Return every line below exactly, leaving nothing out.

# [Stored data entries]
+ + + +

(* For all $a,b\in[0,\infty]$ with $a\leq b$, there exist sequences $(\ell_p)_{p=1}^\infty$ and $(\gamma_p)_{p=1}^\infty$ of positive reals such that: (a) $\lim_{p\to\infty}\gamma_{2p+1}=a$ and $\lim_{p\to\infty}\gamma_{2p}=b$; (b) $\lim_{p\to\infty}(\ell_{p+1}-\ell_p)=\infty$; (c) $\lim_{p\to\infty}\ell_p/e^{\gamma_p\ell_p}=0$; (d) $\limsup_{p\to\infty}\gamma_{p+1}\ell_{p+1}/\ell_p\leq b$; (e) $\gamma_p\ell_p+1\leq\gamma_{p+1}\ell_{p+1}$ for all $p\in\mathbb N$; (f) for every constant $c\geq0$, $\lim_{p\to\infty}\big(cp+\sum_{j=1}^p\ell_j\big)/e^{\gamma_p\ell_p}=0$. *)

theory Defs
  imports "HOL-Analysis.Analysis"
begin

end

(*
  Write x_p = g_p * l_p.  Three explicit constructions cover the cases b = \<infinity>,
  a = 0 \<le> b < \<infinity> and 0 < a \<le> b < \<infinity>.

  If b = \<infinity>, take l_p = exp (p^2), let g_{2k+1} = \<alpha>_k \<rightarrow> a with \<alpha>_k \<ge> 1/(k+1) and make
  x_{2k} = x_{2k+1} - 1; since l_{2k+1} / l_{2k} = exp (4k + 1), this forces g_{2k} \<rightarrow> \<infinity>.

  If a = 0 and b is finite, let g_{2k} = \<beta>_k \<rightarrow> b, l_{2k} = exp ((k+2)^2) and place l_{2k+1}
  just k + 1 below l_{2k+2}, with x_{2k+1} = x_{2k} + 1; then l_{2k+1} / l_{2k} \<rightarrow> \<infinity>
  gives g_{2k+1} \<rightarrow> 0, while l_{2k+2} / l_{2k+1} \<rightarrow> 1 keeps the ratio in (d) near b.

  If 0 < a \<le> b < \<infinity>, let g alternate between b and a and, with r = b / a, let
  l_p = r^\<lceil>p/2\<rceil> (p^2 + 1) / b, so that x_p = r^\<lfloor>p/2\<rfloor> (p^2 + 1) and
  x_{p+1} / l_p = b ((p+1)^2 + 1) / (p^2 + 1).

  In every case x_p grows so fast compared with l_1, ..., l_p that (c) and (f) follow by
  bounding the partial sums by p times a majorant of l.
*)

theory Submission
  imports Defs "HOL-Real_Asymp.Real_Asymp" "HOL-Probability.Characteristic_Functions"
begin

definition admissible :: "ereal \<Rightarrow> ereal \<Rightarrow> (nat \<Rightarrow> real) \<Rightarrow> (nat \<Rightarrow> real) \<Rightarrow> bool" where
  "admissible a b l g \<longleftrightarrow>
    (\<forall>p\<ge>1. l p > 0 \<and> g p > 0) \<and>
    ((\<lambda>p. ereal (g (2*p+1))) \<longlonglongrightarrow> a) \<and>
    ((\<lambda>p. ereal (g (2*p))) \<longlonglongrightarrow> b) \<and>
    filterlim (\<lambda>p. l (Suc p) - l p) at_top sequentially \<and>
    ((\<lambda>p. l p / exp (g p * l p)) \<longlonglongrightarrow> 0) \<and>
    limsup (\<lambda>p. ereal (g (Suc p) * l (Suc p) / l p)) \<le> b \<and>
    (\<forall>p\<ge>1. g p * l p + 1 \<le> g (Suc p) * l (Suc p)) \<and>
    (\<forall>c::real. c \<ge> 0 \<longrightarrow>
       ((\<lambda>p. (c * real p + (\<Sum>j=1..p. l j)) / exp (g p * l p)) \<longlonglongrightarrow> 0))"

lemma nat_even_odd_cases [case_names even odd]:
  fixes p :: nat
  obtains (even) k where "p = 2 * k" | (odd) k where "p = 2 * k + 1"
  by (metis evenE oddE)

+ + + +

# [Reply]
(* For all $a,b\in[0,\infty]$ with $a\leq b$, there exist sequences $(\ell_p)_{p=1}^\infty$ and $(\gamma_p)_{p=1}^\infty$ of positive reals such that: (a) $\lim_{p\to\infty}\gamma_{2p+1}=a$ and $\lim_{p\to\infty}\gamma_{2p}=b$; (b) $\lim_{p\to\infty}(\ell_{p+1}-\ell_p)=\infty$; (c) $\lim_{p\to\infty}\ell_p/e^{\gamma_p\ell_p}=0$; (d) $\limsup_{p\to\infty}\gamma_{p+1}\ell_{p+1}/\ell_p\leq b$; (e) $\gamma_p\ell_p+1\leq\gamma_{p+1}\ell_{p+1}$ for all $p\in\mathbb N$; (f) for every constant $c\geq0$, $\lim_{p\to\infty}\big(cp+\sum_{j=1}^p\ell_j\big)/e^{\gamma_p\ell_p}=0$. *)

theory Defs
  imports "HOL-Analysis.Analysis"
begin

end

(*
  Write x_p = g_p * l_p.  Three explicit constructions cover the cases b = \<infinity>,
  a = 0 \<le> b < \<infinity> and 0 < a \<le> b < \<infinity>.

  If b = \<infinity>, take l_p = exp (p^2), let g_{2k+1} = \<alpha>_k \<rightarrow> a with \<alpha>_k \<ge> 1/(k+1) and make
  x_{2k} = x_{2k+1} - 1; since l_{2k+1} / l_{2k} = exp (4k + 1), this forces g_{2k} \<rightarrow> \<infinity>.

  If a = 0 and b is finite, let g_{2k} = \<beta>_k \<rightarrow> b, l_{2k} = exp ((k+2)^2) and place l_{2k+1}
  just k + 1 below l_{2k+2}, with x_{2k+1} = x_{2k} + 1; then l_{2k+1} / l_{2k} \<rightarrow> \<infinity>
  gives g_{2k+1} \<rightarrow> 0, while l_{2k+2} / l_{2k+1} \<rightarrow> 1 keeps the ratio in (d) near b.

  If 0 < a \<le> b < \<infinity>, let g alternate between b and a and, with r = b / a, let
  l_p = r^\<lceil>p/2\<rceil> (p^2 + 1) / b, so that x_p = r^\<lfloor>p/2\<rfloor> (p^2 + 1) and
  x_{p+1} / l_p = b ((p+1)^2 + 1) / (p^2 + 1).

  In every case x_p grows so fast compared with l_1, ..., l_p that (c) and (f) follow by
  bounding the partial sums by p times a majorant of l.
*)

theory Submission
  imports Defs "HOL-Real_Asymp.Real_Asymp" "HOL-Probability.Characteristic_Functions"
begin

definition admissible :: "ereal \<Rightarrow> ereal \<Rightarrow> (nat \<Rightarrow> real) \<Rightarrow> (nat \<Rightarrow> real) \<Rightarrow> bool" where
  "admissible a b l g \<longleftrightarrow>
    (\<forall>p\<ge>1. l p > 0 \<and> g p > 0) \<and>
    ((\<lambda>p. ereal (g (2*p+1))) \<longlonglongrightarrow> a) \<and>
    ((\<lambda>p. ereal (g (2*p))) \<longlonglongrightarrow> b) \<and>
    filterlim (\<lambda>p. l (Suc p) - l p) at_top sequentially \<and>
    ((\<lambda>p. l p / exp (g p * l p)) \<longlonglongrightarrow> 0) \<and>
    limsup (\<lambda>p. ereal (g (Suc p) * l (Suc p) / l p)) \<le> b \<and>
    (\<forall>p\<ge>1. g p * l p + 1 \<le> g (Suc p) * l (Suc p)) \<and>
    (\<forall>c::real. c \<ge> 0 \<longrightarrow>
       ((\<lambda>p. (c * real p + (\<Sum>j=1..p. l j)) / exp (g p * l p)) \<longlonglongrightarrow> 0))"

lemma nat_even_odd_cases [case_names even odd]:
  fixes p :: nat
  obtains (even) k where "p = 2 * k" | (odd) k where "p = 2 * k + 1"
  by (metis evenE oddE)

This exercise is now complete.